(About this exercise) Reproduce each record exactly, leaving out no line.

(Records for this task)
lemma sgnA_Diff_singleton:
  assumes \<sigma>: "inj \<sigma>" and s: "finite s" "v \<in> s"
  shows "sgnA s \<sigma> * sgnA (s - {v}) \<sigma> = (-1) ^ (card {w \<in> s. w < v} + card {w \<in> s. \<sigma> w < \<sigma> v})"
proof -
  define k where "k = card s - 1"
  define a where "a = card {w \<in> s. w < v}"
  define b where "b = card {w \<in> s. \<sigma> w < \<sigma> v}"
  have "card (s - {v}) = k"
    using s by (simp add: k_def)
  have "a \<le> k"
    using nth_sorted_list_of_set_Diff_singleton(1)[OF s] by (simp add: a_def k_def)
  have "b \<le> card (s - {v})"
    unfolding b_def using s(1) by (intro card_mono) auto
  then have "b \<le> k"
    using \<open>card (s - {v}) = k\<close> by simp
  obtain \<tau>' where \<tau>': "sorting_perm (sorted_labels \<sigma> (s - {v})) k \<tau>'"
    using sorting_perm_exists[OF inj_on_sorted_labels[OF \<sigma>]] s(1) \<open>card (s - {v}) = k\<close>
    by force
  have "permutation (shift_cycle k a)" "permutation (shift_cycle k b)" "permutation \<tau>'"
    using shift_cycle_permutes[OF \<open>a \<le> k\<close>] shift_cycle_permutes[OF \<open>b \<le> k\<close>] \<tau>'
    by (auto intro: permutes_imp_permutation simp: sorting_perm_def)
  then have "sign (shift_cycle k a \<circ> \<tau>' \<circ> inv (shift_cycle k b))
      = (-1) ^ (k - a) * sign \<tau>' * (-1) ^ (k - b)"
    by (simp add: sign_compose permutation_compose permutation_inverse sign_inverse
        sign_shift_cycle \<open>a \<le> k\<close> \<open>b \<le> k\<close>)
  moreover have "sorting_perm (sorted_labels \<sigma> s) (card s) (shift_cycle k a \<circ> \<tau>' \<circ> inv (shift_cycle k b))"
    using sorting_perm_Diff_singleton[OF \<sigma> s] \<tau>' by (simp add: k_def a_def b_def)
  ultimately have "sgnA s \<sigma> = (-1) ^ (k - a) * of_int (sign \<tau>') * (-1) ^ (k - b)"
    using sgnA_eq_sign[OF \<sigma> s(1)] by simp
  moreover have "sgnA (s - {v}) \<sigma> = of_int (sign \<tau>')"
    using sgnA_eq_sign[of \<sigma> "s - {v}" \<tau>'] \<sigma> s(1) \<tau>' \<open>card (s - {v}) = k\<close> by simp
  ultimately have "sgnA s \<sigma> * sgnA (s - {v}) \<sigma>
      = (-1) ^ (k - a) * (-1) ^ (k - b) * of_int (sign \<tau>' * sign \<tau>')"
    by (simp only: of_int_mult mult_ac)
  then show ?thesis
    using minus_one_power_diff_mult[OF \<open>a \<le> k\<close> \<open>b \<le> k\<close>] by (simp add: a_def b_def)
qed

(Written solution)
lemma sgnA_Diff_singleton:
  assumes \<sigma>: "inj \<sigma>" and s: "finite s" "v \<in> s"
  shows "sgnA s \<sigma> * sgnA (s - {v}) \<sigma> = (-1) ^ (card {w \<in> s. w < v} + card {w \<in> s. \<sigma> w < \<sigma> v})"
proof -
  define k where "k = card s - 1"
  define a where "a = card {w \<in> s. w < v}"
  define b where "b = card {w \<in> s. \<sigma> w < \<sigma> v}"
  have "card (s - {v}) = k"
    using s by (simp add: k_def)
  have "a \<le> k"
    using nth_sorted_list_of_set_Diff_singleton(1)[OF s] by (simp add: a_def k_def)
  have "b \<le> card (s - {v})"
    unfolding b_def using s(1) by (intro card_mono) auto
  then have "b \<le> k"
    using \<open>card (s - {v}) = k\<close> by simp
  obtain \<tau>' where \<tau>': "sorting_perm (sorted_labels \<sigma> (s - {v})) k \<tau>'"
    using sorting_perm_exists[OF inj_on_sorted_labels[OF \<sigma>]] s(1) \<open>card (s - {v}) = k\<close>
    by force
  have "permutation (shift_cycle k a)" "permutation (shift_cycle k b)" "permutation \<tau>'"
    using shift_cycle_permutes[OF \<open>a \<le> k\<close>] shift_cycle_permutes[OF \<open>b \<le> k\<close>] \<tau>'
    by (auto intro: permutes_imp_permutation simp: sorting_perm_def)
  then have "sign (shift_cycle k a \<circ> \<tau>' \<circ> inv (shift_cycle k b))
      = (-1) ^ (k - a) * sign \<tau>' * (-1) ^ (k - b)"
    by (simp add: sign_compose permutation_compose permutation_inverse sign_inverse
        sign_shift_cycle \<open>a \<le> k\<close> \<open>b \<le> k\<close>)
  moreover have "sorting_perm (sorted_labels \<sigma> s) (card s) (shift_cycle k a \<circ> \<tau>' \<circ> inv (shift_cycle k b))"
    using sorting_perm_Diff_singleton[OF \<sigma> s] \<tau>' by (simp add: k_def a_def b_def)
  ultimately have "sgnA s \<sigma> = (-1) ^ (k - a) * of_int (sign \<tau>') * (-1) ^ (k - b)"
    using sgnA_eq_sign[OF \<sigma> s(1)] by simp
  moreover have "sgnA (s - {v}) \<sigma> = of_int (sign \<tau>')"
    using sgnA_eq_sign[of \<sigma> "s - {v}" \<tau>'] \<sigma> s(1) \<tau>' \<open>card (s - {v}) = k\<close> by simp
  ultimately have "sgnA s \<sigma> * sgnA (s - {v}) \<sigma>
      = (-1) ^ (k - a) * (-1) ^ (k - b) * of_int (sign \<tau>' * sign \<tau>')"
    by (simp only: of_int_mult mult_ac)
  then show ?thesis
    using minus_one_power_diff_mult[OF \<open>a \<le> k\<close> \<open>b \<le> k\<close>] by (simp add: a_def b_def)
qed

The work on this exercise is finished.